Найт Дэймон
Западня
Прошло десять месяцев, как исчез за горизонтом последний бомбардировщик, и у Рольфа Смита не осталось никаких сомнений в том, что на этой планете выжили только два человека: он и Луиза Оливер. Они сидели за столиком в кафе универсального магазина в Солт-Лейк-Сити и завтракали венскими консервированными сосисками с кофе.
Солнечный свет пробивался сквозь разбитые оконные стекла. В кафе и на улице стояла оглушающая тишина: ни проезжающего мимо автомобиля, ни шума льющейся воды на кухне.

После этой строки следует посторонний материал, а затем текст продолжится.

text \<open>By \<open>phi_eq_sum_minus\<close>, this reduces to a Lipschitz bound for
  \<open>a \<cdot> b / (a + b)\<close>, in which the fraction \<open>b / (a + b)\<close> lies in \<open>[0, 1]\<close>.\<close>
lemma phi_lipschitz:
  assumes "0 \<le> a" "0 \<le> b" "0 \<le> a'" "0 \<le> b'"
  shows "\<bar>phi a b - phi a' b'\<bar> \<le> 9 * (\<bar>a - a'\<bar> + \<bar>b - b'\<bar>)"
proof (cases "a + b = 0 \<or> a' + b' = 0")
  case True
  then show ?thesis
    using assms phi_le_sum[of a b] phi_le_sum[of a' b'] phi_nonneg[of a b] phi_nonneg[of a' b']
    by (auto simp: phi_def)
next
  case False
  define s s' where "s = a + b" and "s' = a' + b'"
  have sp: "s > 0" "s' > 0" using False assms by (auto simp: s_def s'_def)
  have q: "\<bar>b / s - b' / s'\<bar> \<le> (\<bar>a - a'\<bar> + \<bar>b - b'\<bar>) / s'"
  proof -
    define X where "X = b * (a' - a) + a * (b - b')"
    have "\<bar>X\<bar> \<le> b * \<bar>a - a'\<bar> + a * \<bar>b - b'\<bar>"
      using assms by (simp add: X_def abs_mult abs_minus_commute abs_triangle_ineq[THEN order_trans])
    also have "\<dots> \<le> s * \<bar>a - a'\<bar> + s * \<bar>b - b'\<bar>"
      using assms by (intro add_mono mult_right_mono) (auto simp: s_def)
    finally have "\<bar>X\<bar> / (s * s') \<le> s * (\<bar>a - a'\<bar> + \<bar>b - b'\<bar>) / (s * s')"
      using sp by (intro divide_right_mono) (auto simp: algebra_simps)
    moreover have "b / s - b' / s' = X / (s * s')"
      using sp by (simp add: X_def field_simps s_def s'_def)
    ultimately show ?thesis using sp by (simp add: abs_divide abs_mult)
  qed
  have bs: "0 \<le> b / s" "b / s \<le> 1" using assms sp by (auto simp: s_def)
  have "\<bar>a * (b / s) - a' * (b' / s')\<bar> = \<bar>(a - a') * (b / s) + a' * (b / s - b' / s')\<bar>"
    using sp by (simp add: field_simps)
  also have "\<dots> \<le> \<bar>a - a'\<bar> * (b / s) + a' * \<bar>b / s - b' / s'\<bar>"
    using assms bs by (metis abs_mult abs_of_nonneg abs_triangle_ineq)
  also have "\<dots> \<le> \<bar>a - a'\<bar> * 1 + s' * ((\<bar>a - a'\<bar> + \<bar>b - b'\<bar>) / s')"
    using bs q assms by (intro add_mono mult_left_mono mult_mono) (auto simp: s'_def)
  also have "\<dots> = 2 * \<bar>a - a'\<bar> + \<bar>b - b'\<bar>" using sp by simp
  finally have m: "\<bar>a * (b / s) - a' * (b' / s')\<bar> \<le> 2 * \<bar>a - a'\<bar> + \<bar>b - b'\<bar>" .
  define m where "m = a * (b / s) - a' * (b' / s')"
  have "phi a b - phi a' b' = (s - s') - 4 * m"
    using phi_eq_sum_minus[of a b] phi_eq_sum_minus[of a' b'] sp by (simp add: s_def s'_def m_def)
  then have "\<bar>phi a b - phi a' b'\<bar> \<le> \<bar>s - s'\<bar> + 4 * \<bar>m\<bar>"
    using abs_triangle_ineq4[of "s - s'" "4 * m"] by simp
  moreover have "\<bar>s - s'\<bar> \<le> \<bar>a - a'\<bar> + \<bar>b - b'\<bar>" by (simp add: s_def s'_def)
  ultimately show ?thesis using m abs_ge_zero[of "b - b'"] unfolding m_def[symmetric] by (smt (verit))
qed

lemma DERIV_phi:
  assumes "(f has_real_derivative df) (at t within S)" "(g has_real_derivative dg) (at t within S)"
    and "f t + g t \<noteq> 0"
  shows "((\<lambda>s. phi (f s) (g s)) has_real_derivative phi_deriv (f t) (g t) df dg) (at t within S)"
  unfolding phi_def
  using assms by (auto intro!: derivative_eq_intros simp: phi_deriv_def field_simps power2_eq_square)

section \<open>Filippov velocities\<close>

lemma filippov_set_nth_eq:
  assumes v: "v \<in> filippov_set D X x"
    and near: "\<And>\<eta>. \<eta> > 0 \<Longrightarrow> \<exists>e>0. \<forall>y\<in>ball x e \<inter> D. \<bar>X y $ i - c\<bar> \<le> \<eta>"
  shows "v $ i = c"
proof -
  have "\<bar>v $ i - c\<bar> \<le> 0 + \<eta>" if \<eta>: "\<eta> > 0" for \<eta>
  proof -
    obtain e where e: "e > 0" "\<forall>y\<in>ball x e \<inter> D. \<bar>X y $ i - c\<bar> \<le> \<eta>" using near[OF \<eta>] by blast
    define H where "H = (\<lambda>w. w $ i) -` {c - \<eta>..c + \<eta>}"
    have "convex H" unfolding H_def
      by (rule convex_linear_vimage) (auto intro: bounded_linear.linear)
    moreover have "closed H" unfolding H_def
      by (intro closed_vimage) (auto intro: continuous_intros)
    moreover have "X ` ((ball x e \<inter> D) - {}) \<subseteq> H" using e(2) by (force simp: H_def abs_le_iff)
    ultimately have "closure (convex hull (X ` ((ball x e \<inter> D) - {}))) \<subseteq> H"
      by (simp add: closure_minimal hull_minimal)
    moreover have "v \<in> closure (convex hull (X ` ((ball x e \<inter> D) - {})))"
      using v e(1) unfolding filippov_set_def by blast
    ultimately show ?thesis by (auto simp: H_def abs_le_iff)
  qed
  then show ?thesis using field_le_epsilon[of "\<bar>v $ i - c\<bar>" 0] by simp
qed

lemma filippov_set_nth_eq_isCont:
  assumes "v \<in> filippov_set D X x" "isCont (\<lambda>y. X y $ i) x"
  shows "v $ i = X x $ i"
proof (rule filippov_set_nth_eq[OF assms(1)])
  fix \<eta> :: real assume "\<eta> > 0"
  then obtain e where "e > 0" "\<forall>y. dist y x < e \<longrightarrow> dist (X y $ i) (X x $ i) < \<eta>"
    using assms(2) unfolding continuous_at_eps_delta by blast
  then show "\<exists>e>0. \<forall>y\<in>ball x e \<inter> D. \<bar>X y $ i - X x $ i\<bar> \<le> \<eta>"
    by (intro exI[of _ e]) (auto simp: dist_real_def dist_commute less_imp_le)
qed

section \<open>The closed-loop vector field\<close>

lemma Dprime_nonneg: "y \<in> Dprime \<Longrightarrow> 0 \<le> y $ i"
  by (simp add: Dprime_def)

lemma Dprime_M_Ms_eq_0_iff: "y \<in> Dprime \<Longrightarrow> y $ 2 + y $ 4 = 0 \<longleftrightarrow> y $ 2 = 0 \<and> y $ 4 = 0"
  using Dprime_nonneg[of y 2] Dprime_nonneg[of y 4] by auto

locale sterile_insect_control =
  fixes \<beta>E \<nu>E \<delta>E \<delta>M \<delta>F \<delta>s K \<nu> \<gamma>s \<theta> \<alpha> \<beta>s :: real
  assumes \<beta>E_pos: "\<beta>E > 0" and \<nu>E_pos: "\<nu>E > 0" and \<delta>E_pos: "\<delta>E > 0" and \<delta>M_pos: "\<delta>M > 0"
    and \<delta>F_pos: "\<delta>F > 0" and \<delta>s_pos: "\<delta>s > 0" and K_pos: "K > 0"
    and \<nu>_pos: "0 < \<nu>" and \<nu>_less_1: "\<nu> < 1" and \<gamma>s_pos: "0 < \<gamma>s"
    and \<theta>_pos: "\<theta> > 0" and \<alpha>_pos: "\<alpha> > 0" and \<beta>s_pos: "\<beta>s > 0"
    and \<delta>M_le_\<delta>s: "\<delta>M \<le> \<delta>s" and R_less_1: "Rtheta \<beta>E \<nu> \<nu>E \<delta>E \<delta>F \<gamma>s \<theta> < 1"
begin

lemmas params_pos = \<beta>E_pos \<nu>E_pos \<delta>E_pos \<delta>M_pos \<delta>F_pos \<delta>s_pos K_pos \<nu>_pos \<nu>_less_1 \<gamma>s_pos
  \<theta>_pos \<alpha>_pos \<beta>s_pos

abbreviation "X \<equiv> Xcl \<beta>E \<nu>E \<delta>E \<delta>M \<delta>F \<delta>s K \<nu> \<gamma>s \<theta> \<alpha> \<beta>s"
abbreviation "\<psi> \<equiv> psi \<beta>E \<nu> \<nu>E \<delta>E \<delta>F \<gamma>s \<theta>"
abbreviation "R \<equiv> Rtheta \<beta>E \<nu> \<nu>E \<delta>E \<delta>F \<gamma>s \<theta>"
abbreviation "G \<equiv> Gfb \<beta>E \<nu>E \<delta>E \<delta>M \<delta>F \<delta>s \<nu> \<gamma>s \<theta> \<alpha> \<beta>s"

definition G_expr :: "real ^ 4 \<Rightarrow> real" where
  "G_expr y = \<gamma>s * \<psi> * y$1 * (\<theta> * y$2 + y$4)\<^sup>2 / (\<alpha> * (y$2 + \<gamma>s * y$4) * (3 * \<theta> * y$2 + y$4))
     + ((1 - \<nu>) * \<nu>E * \<theta> * y$1 - \<theta> * \<delta>M * y$2) * (\<theta> * y$2 + 3 * y$4) / (3 * \<theta> * y$2 + y$4)
     + \<delta>s * y$4 + (\<beta>s / \<alpha>) * (\<theta> * y$2 - y$4)"

lemma G_eq_G_expr: "y$2 + y$4 \<noteq> 0 \<Longrightarrow> G y = G_expr y"
  unfolding Gfb_def G_expr_def Let_def by simp

lemma G_zero: "y$2 + y$4 = 0 \<Longrightarrow> G y = 0"
  unfolding Gfb_def Let_def by simp

lemma X_nth_1: "X y $ 1 = \<beta>E * y$3 * (1 - y$1 / K) - (\<nu>E + \<delta>E) * y$1"
  by (simp add: Xcl_def Let_def vec4_def)

lemma X_nth_2: "X y $ 2 = (1 - \<nu>) * \<nu>E * y$1 - \<delta>M * y$2"
  by (simp add: Xcl_def Let_def vec4_def)

lemma X_nth_3: "X y $ 3 = \<nu> * \<nu>E * y$1 * (y$2 / (y$2 + \<gamma>s * y$4)) - \<delta>F * y$3"
  by (simp add: Xcl_def Let_def vec4_def)

lemma X_nth_4: "X y $ 4 = max 0 (G y) - \<delta>s * y$4"
  by (simp add: Xcl_def Let_def vec4_def ufb_def)

lemma X_zero: "X 0 = 0"
  by (simp add: vec_eq_iff forall_4 X_nth_1 X_nth_2 X_nth_3 X_nth_4 G_zero)

lemma one_plus_\<gamma>s\<theta>_pos: "0 < 1 + \<gamma>s * \<theta>"
  using \<gamma>s_pos \<theta>_pos by (simp add: add_pos_pos)

lemma psi_nonneg: "\<psi> \<ge> 0"
  using R_less_1 params_pos one_plus_\<gamma>s\<theta>_pos unfolding psi_def
  by (intro divide_nonneg_pos mult_pos_pos) auto

lemma male_fraction_bounds:
  assumes "y \<in> Dprime"
  shows "0 \<le> y$2 / (y$2 + \<gamma>s * y$4)" "y$2 / (y$2 + \<gamma>s * y$4) \<le> 1"
proof -
  have "0 \<le> y$2" "0 \<le> \<gamma>s * y$4" using assms \<gamma>s_pos by (simp_all add: Dprime_nonneg)
  then show "0 \<le> y$2 / (y$2 + \<gamma>s * y$4)" "y$2 / (y$2 + \<gamma>s * y$4) \<le> 1"
    by (simp, cases "y$2 + \<gamma>s * y$4 = 0") (simp_all add: divide_le_eq_1)
qed

lemma male_sums_pos:
  assumes "x \<in> Dprime" "x$2 + x$4 > 0"
  shows "0 < x$2 + \<gamma>s * x$4" "0 < \<theta> * x$2 + x$4" "0 < 3 * \<theta> * x$2 + x$4"
proof -
  have "0 < c * x$2 + d * x$4" if "0 < c" "0 < d" for c d
  proof (cases "0 < x$2")
    case True
    then show ?thesis using that assms(1) by (simp add: add_pos_nonneg Dprime_nonneg)
  next
    case False
    then have "0 < x$4" using assms Dprime_nonneg[of x 2] by linarith
    then show ?thesis using that assms(1) by (simp add: add_nonneg_pos Dprime_nonneg)
  qed
  from this[of 1 \<gamma>s] this[of \<theta> 1] this[of "3 * \<theta>" 1]
  show "0 < x$2 + \<gamma>s * x$4" "0 < \<theta> * x$2 + x$4" "0 < 3 * \<theta> * x$2 + x$4"
    using \<gamma>s_pos \<theta>_pos by simp_all
qed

Только солнечный свет и тишина — и эти вытаращенные глаза Луизы Оливер.
Он перегнулся через столик, стараясь хотя бы на мгновение завладеть вниманием ее водянистых глаз.
— Дорогая, — мягко произнес он, — я не могу не уважать ваши убеждения, но смею заметить, что они непрактичны.
Она с удивлением посмотрела на него и тут же отвела глаза. «НЕТ, НЕТ, РОЛЬФ, Я НЕ ПОСМЕЮ ЖИТЬ С ВАМИ В ГРЕХЕ».
Последнее время Рольф постоянно думал о женщинах, любых: русских, француженках, мексиканках и шоколадных девочках с африканского побережья. Он провел три месяца в полуразрушенном здании Рочестерской радиостанции, жадно вслушиваясь в живые человеческие голоса, пока они еще были. Он узнавал новости по сообщениям из Швеции, где в уцелевшей колонии нашли прибежище несколько министров правительства Великобритании. Они сообщали, что Европы больше нет. Просто нет. Не осталось ни одного акра земли, не отравленного радиоактивной пылью. У них было два самолета и достаточное количество топлива, чтобы переправиться на какой-либо континент. Но где не подстерегала их смерть? Трое из них затем умерли от чумы, потом еще одиннадцать, потом… все было кончено.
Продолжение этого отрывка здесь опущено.